### What the task requires
The answer is to be an exact copy of the lines below running from the line with "by (auto simp: avoids_def" down to the line with "by (rule fun_space.subspaceI)", both ends included, and nothing more.

┏━━

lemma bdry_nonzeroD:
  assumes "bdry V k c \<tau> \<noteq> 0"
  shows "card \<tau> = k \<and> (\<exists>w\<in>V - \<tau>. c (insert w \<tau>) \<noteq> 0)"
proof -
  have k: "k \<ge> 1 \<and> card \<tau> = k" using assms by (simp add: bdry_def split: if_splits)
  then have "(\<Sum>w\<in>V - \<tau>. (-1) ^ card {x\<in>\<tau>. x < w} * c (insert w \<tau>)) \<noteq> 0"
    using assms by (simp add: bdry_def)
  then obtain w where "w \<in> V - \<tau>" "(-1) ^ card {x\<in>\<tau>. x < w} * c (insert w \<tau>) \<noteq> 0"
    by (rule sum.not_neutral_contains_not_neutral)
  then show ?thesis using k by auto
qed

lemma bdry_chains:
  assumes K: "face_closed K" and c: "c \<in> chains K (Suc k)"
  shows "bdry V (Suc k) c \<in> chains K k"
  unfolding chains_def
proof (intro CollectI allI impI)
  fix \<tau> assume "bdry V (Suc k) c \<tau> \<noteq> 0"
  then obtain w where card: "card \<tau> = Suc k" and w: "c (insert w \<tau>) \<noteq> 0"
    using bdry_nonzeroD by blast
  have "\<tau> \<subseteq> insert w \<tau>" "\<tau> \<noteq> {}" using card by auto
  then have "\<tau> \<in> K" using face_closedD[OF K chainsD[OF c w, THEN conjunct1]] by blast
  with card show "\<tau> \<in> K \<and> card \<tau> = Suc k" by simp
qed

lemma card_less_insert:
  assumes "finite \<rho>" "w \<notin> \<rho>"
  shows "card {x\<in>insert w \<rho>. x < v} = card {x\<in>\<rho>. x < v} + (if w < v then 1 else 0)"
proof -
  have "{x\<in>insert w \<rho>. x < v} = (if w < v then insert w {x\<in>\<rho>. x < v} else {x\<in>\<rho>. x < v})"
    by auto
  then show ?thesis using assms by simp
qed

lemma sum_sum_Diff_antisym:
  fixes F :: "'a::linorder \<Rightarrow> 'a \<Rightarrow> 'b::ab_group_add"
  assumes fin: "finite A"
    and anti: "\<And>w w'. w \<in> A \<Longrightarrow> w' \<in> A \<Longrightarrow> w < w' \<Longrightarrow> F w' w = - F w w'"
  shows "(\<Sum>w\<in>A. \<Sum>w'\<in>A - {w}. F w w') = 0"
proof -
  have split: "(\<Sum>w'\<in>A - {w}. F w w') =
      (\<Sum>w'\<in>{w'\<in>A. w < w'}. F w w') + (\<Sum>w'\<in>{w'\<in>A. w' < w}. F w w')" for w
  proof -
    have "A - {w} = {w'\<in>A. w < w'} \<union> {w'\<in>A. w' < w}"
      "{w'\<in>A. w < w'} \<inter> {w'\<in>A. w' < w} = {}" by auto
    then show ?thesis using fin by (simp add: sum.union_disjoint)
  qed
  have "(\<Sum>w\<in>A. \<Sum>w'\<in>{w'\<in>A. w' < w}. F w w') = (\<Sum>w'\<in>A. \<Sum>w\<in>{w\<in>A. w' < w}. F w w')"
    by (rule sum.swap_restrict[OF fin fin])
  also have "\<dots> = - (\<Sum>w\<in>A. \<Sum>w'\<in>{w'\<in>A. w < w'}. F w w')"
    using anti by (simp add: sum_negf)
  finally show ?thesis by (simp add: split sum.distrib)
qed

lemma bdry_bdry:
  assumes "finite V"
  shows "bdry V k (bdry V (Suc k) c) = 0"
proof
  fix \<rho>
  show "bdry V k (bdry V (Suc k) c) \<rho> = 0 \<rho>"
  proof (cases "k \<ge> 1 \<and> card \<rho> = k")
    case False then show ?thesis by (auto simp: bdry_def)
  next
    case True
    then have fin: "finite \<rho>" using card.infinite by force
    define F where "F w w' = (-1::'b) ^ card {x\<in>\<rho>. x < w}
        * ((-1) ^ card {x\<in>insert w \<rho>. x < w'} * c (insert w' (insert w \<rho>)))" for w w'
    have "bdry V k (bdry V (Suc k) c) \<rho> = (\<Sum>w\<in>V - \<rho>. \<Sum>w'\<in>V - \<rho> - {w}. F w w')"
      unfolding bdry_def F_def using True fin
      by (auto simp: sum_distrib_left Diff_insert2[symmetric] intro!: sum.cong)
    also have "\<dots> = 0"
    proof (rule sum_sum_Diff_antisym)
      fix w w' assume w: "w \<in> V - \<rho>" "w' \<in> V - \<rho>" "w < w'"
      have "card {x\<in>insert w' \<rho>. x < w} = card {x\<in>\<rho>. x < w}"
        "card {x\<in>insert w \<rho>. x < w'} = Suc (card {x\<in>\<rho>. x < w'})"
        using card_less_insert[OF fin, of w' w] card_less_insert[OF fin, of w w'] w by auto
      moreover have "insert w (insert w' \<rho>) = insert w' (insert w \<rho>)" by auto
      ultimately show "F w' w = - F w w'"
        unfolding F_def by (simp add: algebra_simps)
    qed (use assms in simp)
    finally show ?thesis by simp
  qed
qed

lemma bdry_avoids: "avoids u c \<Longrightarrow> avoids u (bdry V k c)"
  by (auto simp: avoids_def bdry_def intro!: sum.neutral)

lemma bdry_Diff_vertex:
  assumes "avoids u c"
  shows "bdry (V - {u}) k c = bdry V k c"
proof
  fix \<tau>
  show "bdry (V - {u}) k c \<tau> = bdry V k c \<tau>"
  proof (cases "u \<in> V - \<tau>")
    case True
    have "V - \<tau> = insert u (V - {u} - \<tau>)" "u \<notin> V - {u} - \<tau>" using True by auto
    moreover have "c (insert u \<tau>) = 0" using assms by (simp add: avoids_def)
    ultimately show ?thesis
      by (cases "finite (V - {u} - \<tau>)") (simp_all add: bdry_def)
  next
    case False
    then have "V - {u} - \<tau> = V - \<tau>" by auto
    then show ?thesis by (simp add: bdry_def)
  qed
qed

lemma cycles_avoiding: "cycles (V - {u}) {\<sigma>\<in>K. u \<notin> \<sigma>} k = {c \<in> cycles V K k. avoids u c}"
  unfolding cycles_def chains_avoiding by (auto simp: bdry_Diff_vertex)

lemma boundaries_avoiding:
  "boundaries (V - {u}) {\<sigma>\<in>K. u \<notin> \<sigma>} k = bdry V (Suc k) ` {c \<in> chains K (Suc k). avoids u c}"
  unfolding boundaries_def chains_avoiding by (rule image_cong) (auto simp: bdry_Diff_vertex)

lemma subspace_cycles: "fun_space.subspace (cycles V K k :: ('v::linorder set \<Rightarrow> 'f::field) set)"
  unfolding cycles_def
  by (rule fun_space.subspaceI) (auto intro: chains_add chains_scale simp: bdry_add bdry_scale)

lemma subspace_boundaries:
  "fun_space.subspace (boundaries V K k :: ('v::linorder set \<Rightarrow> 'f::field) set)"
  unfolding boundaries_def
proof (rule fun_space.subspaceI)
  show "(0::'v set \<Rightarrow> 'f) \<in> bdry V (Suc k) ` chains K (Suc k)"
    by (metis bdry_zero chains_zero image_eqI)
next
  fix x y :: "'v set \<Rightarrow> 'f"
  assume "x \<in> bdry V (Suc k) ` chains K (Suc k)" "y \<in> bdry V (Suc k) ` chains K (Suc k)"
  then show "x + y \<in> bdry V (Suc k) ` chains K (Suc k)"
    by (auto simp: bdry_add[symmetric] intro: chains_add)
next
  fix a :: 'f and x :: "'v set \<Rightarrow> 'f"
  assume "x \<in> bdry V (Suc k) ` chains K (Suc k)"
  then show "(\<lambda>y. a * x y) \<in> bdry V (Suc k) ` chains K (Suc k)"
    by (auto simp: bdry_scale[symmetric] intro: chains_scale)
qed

┗━━

### Response area
  by (auto simp: avoids_def bdry_def intro!: sum.neutral)

lemma bdry_Diff_vertex:
  assumes "avoids u c"
  shows "bdry (V - {u}) k c = bdry V k c"
proof
  fix \<tau>
  show "bdry (V - {u}) k c \<tau> = bdry V k c \<tau>"
  proof (cases "u \<in> V - \<tau>")
    case True
    have "V - \<tau> = insert u (V - {u} - \<tau>)" "u \<notin> V - {u} - \<tau>" using True by auto
    moreover have "c (insert u \<tau>) = 0" using assms by (simp add: avoids_def)
    ultimately show ?thesis
      by (cases "finite (V - {u} - \<tau>)") (simp_all add: bdry_def)
  next
    case False
    then have "V - {u} - \<tau> = V - \<tau>" by auto
    then show ?thesis by (simp add: bdry_def)
  qed
qed

lemma cycles_avoiding: "cycles (V - {u}) {\<sigma>\<in>K. u \<notin> \<sigma>} k = {c \<in> cycles V K k. avoids u c}"
  unfolding cycles_def chains_avoiding by (auto simp: bdry_Diff_vertex)

lemma boundaries_avoiding:
  "boundaries (V - {u}) {\<sigma>\<in>K. u \<notin> \<sigma>} k = bdry V (Suc k) ` {c \<in> chains K (Suc k). avoids u c}"
  unfolding boundaries_def chains_avoiding by (rule image_cong) (auto simp: bdry_Diff_vertex)

lemma subspace_cycles: "fun_space.subspace (cycles V K k :: ('v::linorder set \<Rightarrow> 'f::field) set)"
  unfolding cycles_def
  by (rule fun_space.subspaceI) (auto intro: chains_add chains_scale simp: bdry_add bdry_scale)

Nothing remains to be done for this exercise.